1. ¹Department of Psychiatry, Brudnick Neuropsychiatric Research Institute, Worcester, MA, USA
2. ²Program in Neuroscience, University of Massachusetts Graduate School of Biomedical Sciences, Worcester, MA, USA
3. ³Department of Physiology and Pharmacology, Wake Forest University School of Medicine, Medical Center Boulevard, Winston-Salem, NC, USA
4. ⁴Department of Psychiatry, Vanderbilt University, Nashville, TN, USA

Correspondence: Dr S Akbarian, Associate Professor in Psychiatry, University of Massachusetts Medical School, Brudnick Neuropsychiatric Research Institute, 303 Belmont Street, Worcester, MA 01604, USA. Tel: +508 856 2674; Fax: +508 856 3937; E-mail: Schahram.Akbarian@umassmed.edu

Received 31 October 2007; Revised 21 January 2008; Accepted 21 January 2008; Published online 20 February 2008.

Abstract

Chromatin remodeling, including histone modification, is involved in stimulant-induced gene expression and addiction behavior. To further explore the role of dopamine D₁ receptor signaling, we measured cocaine-related locomotor activity and place preference in mice pretreated for up to 10 days with the D₁ agonist SKF82958 and/or the histone deacetylase inhibitor (HDACi), sodium butyrate. Cotreatment with D₁ agonist and HDACi significantly enhanced cocaine-induced locomotor activity and place preference, in comparison to single-drug regimens. However, butyrate-mediated reward effects were transient and only apparent within 2 days after the last HDACi treatment. These behavioral changes were associated with histone modification changes in striatum and ventral midbrain: (1) a generalized increase in H3 phosphoacetylation in striatal neurons was dependent on activation of D₁ receptors; (2) H3 deacetylation at promoter sequences of tyrosine hydroxylase (Th) and brain-derived neurotrophic factor (Bdnf) in ventral midbrain, together with upregulation of the corresponding gene transcripts after cotreatment with D₁ agonist and HDACi.
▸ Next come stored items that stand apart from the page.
(* Let $G$ be a simple, undirected, connected graph on $N$ vertices with edge set $E$ and degree sequence $d_1\le d_2\le\cdots\le d_N$. If $d_j=1$ for $1\le j\le M$, where $M<N$, then $$R^+(G)\ge N(N-2)+2|E|\left[M+\frac{(N-M)^2}{2|E|-M}\right]-2|E|.$$
   Context: For vertices $i,j$ of $G$, $R_{ij}$ denotes the effective resistance between $i$ and $j$ when every edge of $G$ is a unit resistor. The additive degree-Kirchhoff index is $R^+(G)=\sum_{i<j}(d_i+d_j)R_{ij}$, where $d_i$ is the degree of vertex $i$. *)

theory Defs
  imports Main "HOL-Library.Transitive_Closure_Table" Complex_Main
begin

definition simple_graph :: "nat \<Rightarrow> (nat \<Rightarrow> nat \<Rightarrow> bool) \<Rightarrow> bool" where
  "simple_graph N E \<longleftrightarrow> (\<forall>i j. E i j \<longrightarrow> i < N \<and> j < N) \<and>
     (\<forall>i j. E i j \<longrightarrow> E j i) \<and> (\<forall>i. \<not> E i i)"

definition connected_graph :: "nat \<Rightarrow> (nat \<Rightarrow> nat \<Rightarrow> bool) \<Rightarrow> bool" where
  "connected_graph N E \<longleftrightarrow> (\<forall>i<N. \<forall>j<N. E\<^sup>*\<^sup>* i j)"

definition degree :: "nat \<Rightarrow> (nat \<Rightarrow> nat \<Rightarrow> bool) \<Rightarrow> nat \<Rightarrow> nat" where
  "degree N E i = card {j. j < N \<and> E i j}"

definition num_edges :: "nat \<Rightarrow> (nat \<Rightarrow> nat \<Rightarrow> bool) \<Rightarrow> nat" where
  "num_edges N E = card {(i, j). i < j \<and> j < N \<and> E i j}"

text \<open>Effective resistance between i and j with unit resistors on all edges:
  the potential difference v i - v j, where v is a potential satisfying
  Kirchhoff's laws when a unit current enters at i and leaves at j
  (i.e. L v = e_i - e_j for the graph Laplacian L).\<close>

definition eff_resistance :: "nat \<Rightarrow> (nat \<Rightarrow> nat \<Rightarrow> bool) \<Rightarrow> nat \<Rightarrow> nat \<Rightarrow> real" where
  "eff_resistance N E i j = (THE r. \<exists>v :: nat \<Rightarrow> real.
      (\<forall>x<N. (\<Sum>y\<in>{y. y < N \<and> E x y}. v x - v y) =
              (if x = i then 1 else 0) - (if x = j then 1 else 0)) \<and>
      r = v i - v j)"

definition additive_degree_kirchhoff :: "nat \<Rightarrow> (nat \<Rightarrow> nat \<Rightarrow> bool) \<Rightarrow> real" where
  "additive_degree_kirchhoff N E =
     (\<Sum>j<N. \<Sum>i<j. (real (degree N E i) + real (degree N E j)) * eff_resistance N E i j)"

end

theory Submission
  imports "Jordan_Normal_Form.Determinant" "HOL-Analysis.Convex" Defs
begin

text \<open>
  For \<open>i \<noteq> j\<close> let \<open>v\<close> be the potential of a unit current from \<open>i\<close> to \<open>j\<close>. Then \<open>R\<^sub>i\<^sub>j\<close> is half
  the energy \<open>\<Sum>\<^sub>x \<Sum>\<^sub>y\<^sub>~\<^sub>x (v x - v y)\<^sup>2\<close>. The currents leaving \<open>i\<close> add up to 1, so by Cauchy-Schwarz
  the part of the energy at \<open>i\<close> is at least \<open>1/d\<^sub>i\<close>; since every edge is counted twice, the
  energies at the vertices of an independent subset of \<open>{i, j}\<close> add up to at most \<open>R\<^sub>i\<^sub>j\<close>.
  Hence \<open>R\<^sub>i\<^sub>j \<ge> 1/d\<^sub>i + 1/d\<^sub>j\<close> for non-adjacent and \<open>R\<^sub>i\<^sub>j \<ge> max (1/d\<^sub>i) (1/d\<^sub>j)\<close> for adjacent
  vertices, which gives \<open>(d\<^sub>i + d\<^sub>j) R\<^sub>i\<^sub>j \<ge> 2 + d\<^sub>i/d\<^sub>j + d\<^sub>j/d\<^sub>i - 2 [i ~ j]\<close>. Summing over all
  pairs yields \<open>R\<^sup>+ \<ge> N(N - 2) + 2|E| \<Sum> 1/d\<^sub>i - 2|E|\<close>. Finally the \<open>M\<close> pendant vertices contribute
  \<open>M\<close> to \<open>\<Sum> 1/d\<^sub>i\<close>, and by the AM-HM inequality the others contribute at least
  \<open>(N - M)\<^sup>2 / (2|E| - M)\<close>.
\<close>

lemma simple_graph_sym: "simple_graph N E \<Longrightarrow> E x y \<longleftrightarrow> E y x"
  unfolding simple_graph_def by blast

lemma simple_graph_irrefl: "simple_graph N E \<Longrightarrow> \<not> E x x"
  unfolding simple_graph_def by blast

lemma simple_graph_vertices: "simple_graph N E \<Longrightarrow> E x y \<Longrightarrow> x < N \<and> y < N"
  unfolding simple_graph_def by blast

lemma sum_neighbours_eq_sum_if:
  fixes N :: nat and E :: "nat \<Rightarrow> nat \<Rightarrow> bool"
  shows "(\<Sum>y\<in>{y. y < N \<and> E x y}. f y) = (\<Sum>y<N. if E x y then f y else 0)"
proof -
  have neighbours: "{y. y < N \<and> E x y} = {y\<in>{..<N}. E x y}" by auto
  show ?thesis unfolding neighbours by (subst sum.inter_filter[symmetric]) auto
qed

lemma sum_neighbours_swap:
  assumes "simple_graph N E"
  shows "(\<Sum>x<N. \<Sum>y\<in>{y. y < N \<and> E x y}. g x y) = (\<Sum>x<N. \<Sum>y\<in>{y. y < N \<and> E x y}. g y x)"
proof -
  have "(\<Sum>x<N. \<Sum>y\<in>{y. y < N \<and> E x y}. g x y) = (\<Sum>y<N. \<Sum>x<N. if E x y then g x y else 0)"
    by (simp add: sum_neighbours_eq_sum_if) (rule sum.swap)
  also have "\<dots> = (\<Sum>y<N. \<Sum>x<N. if E y x then g x y else 0)"
    using simple_graph_sym[OF assms] by simp
  finally show ?thesis by (simp add: sum_neighbours_eq_sum_if)
qed

lemma degree_eq_sum_if: "real (degree N E x) = (\<Sum>y<N. if E x y then 1 else 0)"
  using sum_neighbours_eq_sum_if[of "\<lambda>_. 1 :: real" N E x] by (simp add: degree_def)

lemma degree_ge_1:
  assumes "simple_graph N E" "connected_graph N E" "2 \<le> N" "x < N"
  shows "1 \<le> degree N E x"
proof -
  define y where "y = (if x = 0 then 1 else 0 :: nat)"
  have "y < N" "y \<noteq> x" using \<open>2 \<le> N\<close> by (auto simp: y_def)
  then have "E\<^sup>*\<^sup>* x y" using assms(2,4) unfolding connected_graph_def by blast
  then obtain z where "E x z" using \<open>y \<noteq> x\<close> by (cases rule: converse_rtranclpE) auto
  then have "z \<in> {z. z < N \<and> E x z}" using simple_graph_vertices[OF assms(1)] by blast
  then have "{z. z < N \<and> E x z} \<noteq> {}" by blast
  then show ?thesis unfolding degree_def by (simp add: Suc_le_eq card_gt_0_iff)
qed
(* Let $X$ be a continuous real-valued random variable with compact support and fix an integer $K \ge 1$. For each $n > K$, let $Z = Z_n$ be the random variable produced by the SMOTE-$K$ procedure (described in the context) from an i.i.d. sample $X_1, \dots, X_n$ drawn from $X$. Then $Z$ converges to $X$ in mean as $n \to \infty$.
   Context: SMOTE-$K$ procedure: given a sample $X_1,\dots,X_n$ of real numbers and a rank $1 \le K \le n-1$: (1) choose an index $i$ uniformly at random from $\{1,\dots,n\}$; (2) find the $K$ nearest neighbors $X_{i,(1)}, \dots, X_{i,(K)}$ of $X_i$ among the other sample points $\{X_j: j\ne i\}$, where $X_{i,(k)}$ realizes the $k$-th smallest of the distances $|X_j - X_i|$, $j\neq i$; (3) choose one of them, $X_{i,(k)}$, uniformly at random; (4) draw $\lambda \sim U(0,1)$ independently; (5) output $Z = X_i + \lambda (X_{i,(k)} - X_i)$. The random variable $X$ appearing in the conclusion is taken to be the sample point $X_i$ from which $Z$ is generated (which has the distribution of $X$), so convergence in mean means $E[|Z - X_i|] \to 0$. *)

theory Defs
  imports "HOL-Probability.Probability"
begin

text \<open>Ties are broken by index order
  (stable sort); the distance to the k-th nearest neighbour does not depend on
  the tie-breaking.\<close>
definition knn :: "nat \<Rightarrow> (nat \<Rightarrow> real) \<Rightarrow> nat \<Rightarrow> nat \<Rightarrow> nat" where
  "knn n x i k = sort_key (\<lambda>j. \<bar>x j - x i\<bar>) (filter (\<lambda>j. j \<noteq> i) [0..<n]) ! (k - 1)"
Collectively, these findings imply that D₁ receptor-regulated histone (phospho)acetylation and gene expression in reward circuitry is differentially regulated in a region-specific manner. Given that the combination of D₁ agonist and HDACi enhances cocaine-related sensitization and reward, the therapeutic benefits of D₁ receptor antagonists and histone acetyl-transferase inhibitors (HATi) warrant further investigation in experimental models of stimulant abuse.